**Instructions to follow:** Whenever the string "noteq" appears in a line of the listing below, that line counts. Say how many lines count, and give nothing else.

**Recorded information:**

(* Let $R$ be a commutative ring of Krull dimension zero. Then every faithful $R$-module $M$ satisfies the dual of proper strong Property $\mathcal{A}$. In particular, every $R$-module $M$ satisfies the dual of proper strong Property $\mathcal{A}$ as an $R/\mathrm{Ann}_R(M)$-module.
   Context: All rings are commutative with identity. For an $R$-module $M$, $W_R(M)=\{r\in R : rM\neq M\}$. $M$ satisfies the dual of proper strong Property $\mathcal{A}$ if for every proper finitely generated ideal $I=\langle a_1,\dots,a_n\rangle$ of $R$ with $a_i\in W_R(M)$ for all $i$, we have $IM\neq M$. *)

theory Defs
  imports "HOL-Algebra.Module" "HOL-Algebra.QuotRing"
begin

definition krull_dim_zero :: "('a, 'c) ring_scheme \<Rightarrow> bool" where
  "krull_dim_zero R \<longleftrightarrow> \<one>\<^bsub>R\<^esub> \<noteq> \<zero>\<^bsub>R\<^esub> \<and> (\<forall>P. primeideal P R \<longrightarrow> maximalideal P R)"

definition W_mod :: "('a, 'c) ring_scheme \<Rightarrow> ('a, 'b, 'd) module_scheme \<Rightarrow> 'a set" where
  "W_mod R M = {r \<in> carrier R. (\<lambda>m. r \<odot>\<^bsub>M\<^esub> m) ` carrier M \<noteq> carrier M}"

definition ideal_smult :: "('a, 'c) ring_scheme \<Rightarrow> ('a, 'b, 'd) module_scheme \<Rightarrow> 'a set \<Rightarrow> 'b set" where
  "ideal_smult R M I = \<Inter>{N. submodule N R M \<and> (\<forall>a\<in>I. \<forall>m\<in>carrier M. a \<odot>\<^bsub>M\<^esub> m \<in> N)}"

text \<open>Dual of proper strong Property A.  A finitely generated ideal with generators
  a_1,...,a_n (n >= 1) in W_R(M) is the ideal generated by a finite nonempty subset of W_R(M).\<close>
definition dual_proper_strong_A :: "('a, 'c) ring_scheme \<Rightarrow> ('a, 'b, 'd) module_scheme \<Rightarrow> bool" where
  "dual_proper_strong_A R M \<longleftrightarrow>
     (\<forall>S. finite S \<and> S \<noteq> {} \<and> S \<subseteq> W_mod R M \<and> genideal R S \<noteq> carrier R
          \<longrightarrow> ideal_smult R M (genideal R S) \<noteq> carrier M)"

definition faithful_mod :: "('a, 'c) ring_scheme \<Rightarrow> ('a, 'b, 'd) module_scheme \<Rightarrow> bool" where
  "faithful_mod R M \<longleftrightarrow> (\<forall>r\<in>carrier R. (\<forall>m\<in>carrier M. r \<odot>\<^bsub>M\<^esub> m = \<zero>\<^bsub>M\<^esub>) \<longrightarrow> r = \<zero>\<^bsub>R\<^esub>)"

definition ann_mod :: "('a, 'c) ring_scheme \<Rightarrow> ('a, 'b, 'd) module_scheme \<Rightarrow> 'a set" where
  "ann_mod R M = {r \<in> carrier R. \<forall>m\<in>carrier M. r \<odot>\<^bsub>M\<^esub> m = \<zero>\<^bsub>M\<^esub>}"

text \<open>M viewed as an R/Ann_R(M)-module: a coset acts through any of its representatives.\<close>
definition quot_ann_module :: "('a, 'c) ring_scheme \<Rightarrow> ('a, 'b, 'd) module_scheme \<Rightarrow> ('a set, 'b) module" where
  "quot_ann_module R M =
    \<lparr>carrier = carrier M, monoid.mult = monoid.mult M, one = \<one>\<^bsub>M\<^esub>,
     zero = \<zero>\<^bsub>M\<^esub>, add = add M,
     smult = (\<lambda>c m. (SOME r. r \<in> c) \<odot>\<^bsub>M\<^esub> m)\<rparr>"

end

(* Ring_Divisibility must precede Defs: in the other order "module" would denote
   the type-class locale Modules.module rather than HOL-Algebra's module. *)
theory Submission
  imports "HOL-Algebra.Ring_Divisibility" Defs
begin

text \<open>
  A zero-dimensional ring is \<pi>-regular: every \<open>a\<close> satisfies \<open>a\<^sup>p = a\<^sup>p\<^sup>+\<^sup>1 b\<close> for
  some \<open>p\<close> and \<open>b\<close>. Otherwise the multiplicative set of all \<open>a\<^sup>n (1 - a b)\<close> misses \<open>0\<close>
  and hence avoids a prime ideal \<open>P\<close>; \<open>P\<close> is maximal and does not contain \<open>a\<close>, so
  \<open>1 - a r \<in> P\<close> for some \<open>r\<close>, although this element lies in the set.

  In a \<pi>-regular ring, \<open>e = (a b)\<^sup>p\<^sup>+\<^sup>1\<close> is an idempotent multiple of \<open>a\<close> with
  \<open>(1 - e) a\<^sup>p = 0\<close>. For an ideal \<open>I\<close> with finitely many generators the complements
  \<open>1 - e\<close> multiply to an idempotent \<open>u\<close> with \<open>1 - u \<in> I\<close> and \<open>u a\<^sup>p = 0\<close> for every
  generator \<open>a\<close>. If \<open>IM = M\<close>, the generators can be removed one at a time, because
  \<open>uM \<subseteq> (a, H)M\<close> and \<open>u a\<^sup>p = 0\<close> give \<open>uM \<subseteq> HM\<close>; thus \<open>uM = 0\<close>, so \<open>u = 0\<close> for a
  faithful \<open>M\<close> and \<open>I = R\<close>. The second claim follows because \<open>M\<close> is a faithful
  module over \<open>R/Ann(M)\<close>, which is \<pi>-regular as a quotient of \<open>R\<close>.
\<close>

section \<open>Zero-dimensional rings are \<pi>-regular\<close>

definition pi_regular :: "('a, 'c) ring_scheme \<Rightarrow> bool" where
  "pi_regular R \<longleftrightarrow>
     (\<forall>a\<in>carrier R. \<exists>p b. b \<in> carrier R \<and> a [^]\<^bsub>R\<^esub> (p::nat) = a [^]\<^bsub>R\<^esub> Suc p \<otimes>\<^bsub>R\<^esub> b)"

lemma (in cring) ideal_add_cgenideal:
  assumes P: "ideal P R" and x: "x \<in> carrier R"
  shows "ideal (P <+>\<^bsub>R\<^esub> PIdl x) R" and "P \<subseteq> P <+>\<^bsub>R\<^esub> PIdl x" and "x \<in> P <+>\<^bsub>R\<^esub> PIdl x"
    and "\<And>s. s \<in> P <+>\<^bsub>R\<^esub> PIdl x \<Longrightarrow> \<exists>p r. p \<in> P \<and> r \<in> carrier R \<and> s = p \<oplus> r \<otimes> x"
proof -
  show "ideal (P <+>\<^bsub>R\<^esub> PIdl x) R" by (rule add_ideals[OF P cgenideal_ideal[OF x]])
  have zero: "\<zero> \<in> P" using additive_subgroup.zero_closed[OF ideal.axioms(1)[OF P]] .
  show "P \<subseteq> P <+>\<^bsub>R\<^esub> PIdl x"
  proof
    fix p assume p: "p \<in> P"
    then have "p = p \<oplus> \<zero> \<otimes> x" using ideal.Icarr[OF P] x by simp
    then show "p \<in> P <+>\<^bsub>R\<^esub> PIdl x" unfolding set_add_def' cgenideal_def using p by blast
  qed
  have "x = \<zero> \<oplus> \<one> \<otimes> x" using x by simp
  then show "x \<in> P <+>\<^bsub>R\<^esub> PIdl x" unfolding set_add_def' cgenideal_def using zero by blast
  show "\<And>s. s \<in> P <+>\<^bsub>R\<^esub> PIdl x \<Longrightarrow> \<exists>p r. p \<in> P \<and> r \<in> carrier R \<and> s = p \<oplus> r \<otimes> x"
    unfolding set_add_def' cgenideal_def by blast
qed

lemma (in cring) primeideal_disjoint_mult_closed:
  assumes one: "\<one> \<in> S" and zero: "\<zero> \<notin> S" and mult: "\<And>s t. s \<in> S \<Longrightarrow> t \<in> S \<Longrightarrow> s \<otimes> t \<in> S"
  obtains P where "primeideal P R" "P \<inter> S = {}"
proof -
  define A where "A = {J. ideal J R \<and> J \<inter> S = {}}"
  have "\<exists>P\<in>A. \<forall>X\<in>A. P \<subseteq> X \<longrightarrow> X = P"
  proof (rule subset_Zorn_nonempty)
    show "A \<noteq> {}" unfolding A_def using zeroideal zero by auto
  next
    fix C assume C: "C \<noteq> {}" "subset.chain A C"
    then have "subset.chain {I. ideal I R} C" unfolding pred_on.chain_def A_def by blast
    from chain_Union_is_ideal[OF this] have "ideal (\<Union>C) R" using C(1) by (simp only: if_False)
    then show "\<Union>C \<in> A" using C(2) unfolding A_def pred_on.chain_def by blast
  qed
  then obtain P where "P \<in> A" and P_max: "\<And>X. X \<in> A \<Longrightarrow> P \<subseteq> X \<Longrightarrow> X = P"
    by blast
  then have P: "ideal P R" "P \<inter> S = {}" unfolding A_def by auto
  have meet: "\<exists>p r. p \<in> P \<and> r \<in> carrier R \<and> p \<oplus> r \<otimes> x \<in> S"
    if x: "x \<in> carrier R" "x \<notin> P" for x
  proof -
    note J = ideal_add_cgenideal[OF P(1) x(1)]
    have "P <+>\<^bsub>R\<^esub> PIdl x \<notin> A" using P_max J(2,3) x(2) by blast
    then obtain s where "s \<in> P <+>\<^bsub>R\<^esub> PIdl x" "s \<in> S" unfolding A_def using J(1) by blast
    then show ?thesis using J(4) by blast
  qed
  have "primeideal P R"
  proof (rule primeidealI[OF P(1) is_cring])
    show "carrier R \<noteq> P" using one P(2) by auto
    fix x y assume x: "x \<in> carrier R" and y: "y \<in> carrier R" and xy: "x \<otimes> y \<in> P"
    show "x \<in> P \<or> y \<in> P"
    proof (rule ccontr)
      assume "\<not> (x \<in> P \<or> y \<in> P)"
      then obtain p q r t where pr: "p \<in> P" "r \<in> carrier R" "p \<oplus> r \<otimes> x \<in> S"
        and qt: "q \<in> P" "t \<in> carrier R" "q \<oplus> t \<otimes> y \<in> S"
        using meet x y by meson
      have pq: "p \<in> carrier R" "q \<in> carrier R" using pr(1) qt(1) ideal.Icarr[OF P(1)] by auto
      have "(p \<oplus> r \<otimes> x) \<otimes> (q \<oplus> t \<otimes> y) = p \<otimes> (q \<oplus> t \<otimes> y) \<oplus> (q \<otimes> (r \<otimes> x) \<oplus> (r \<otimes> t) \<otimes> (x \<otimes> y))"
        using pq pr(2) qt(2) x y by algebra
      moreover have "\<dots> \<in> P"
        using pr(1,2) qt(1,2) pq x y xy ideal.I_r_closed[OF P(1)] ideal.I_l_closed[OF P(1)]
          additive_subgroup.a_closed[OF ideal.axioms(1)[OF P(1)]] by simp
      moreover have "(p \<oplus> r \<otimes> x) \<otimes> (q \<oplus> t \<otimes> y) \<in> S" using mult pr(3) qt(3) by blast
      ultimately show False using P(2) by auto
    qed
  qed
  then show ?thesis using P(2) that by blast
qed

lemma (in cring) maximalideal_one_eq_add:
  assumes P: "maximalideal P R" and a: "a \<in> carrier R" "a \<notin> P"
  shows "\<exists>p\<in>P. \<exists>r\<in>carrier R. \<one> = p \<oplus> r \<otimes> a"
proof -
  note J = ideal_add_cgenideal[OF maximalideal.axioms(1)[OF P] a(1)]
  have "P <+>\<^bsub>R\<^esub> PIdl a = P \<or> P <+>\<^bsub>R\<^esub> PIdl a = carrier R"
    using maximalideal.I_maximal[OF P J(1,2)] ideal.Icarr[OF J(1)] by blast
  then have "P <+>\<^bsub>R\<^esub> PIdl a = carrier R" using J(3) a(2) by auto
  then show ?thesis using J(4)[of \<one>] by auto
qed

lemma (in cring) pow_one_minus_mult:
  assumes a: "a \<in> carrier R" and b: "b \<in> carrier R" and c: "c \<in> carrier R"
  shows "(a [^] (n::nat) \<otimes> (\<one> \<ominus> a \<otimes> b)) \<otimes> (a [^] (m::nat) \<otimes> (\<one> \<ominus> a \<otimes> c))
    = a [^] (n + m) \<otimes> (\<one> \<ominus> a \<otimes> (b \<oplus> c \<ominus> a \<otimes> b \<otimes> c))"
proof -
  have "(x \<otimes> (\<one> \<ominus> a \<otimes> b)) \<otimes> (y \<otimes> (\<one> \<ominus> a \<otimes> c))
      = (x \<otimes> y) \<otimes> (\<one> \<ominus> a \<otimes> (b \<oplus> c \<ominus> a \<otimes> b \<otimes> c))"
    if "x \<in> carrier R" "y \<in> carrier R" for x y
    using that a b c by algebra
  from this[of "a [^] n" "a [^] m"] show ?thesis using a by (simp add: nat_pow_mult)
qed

**Answer to this problem:** 7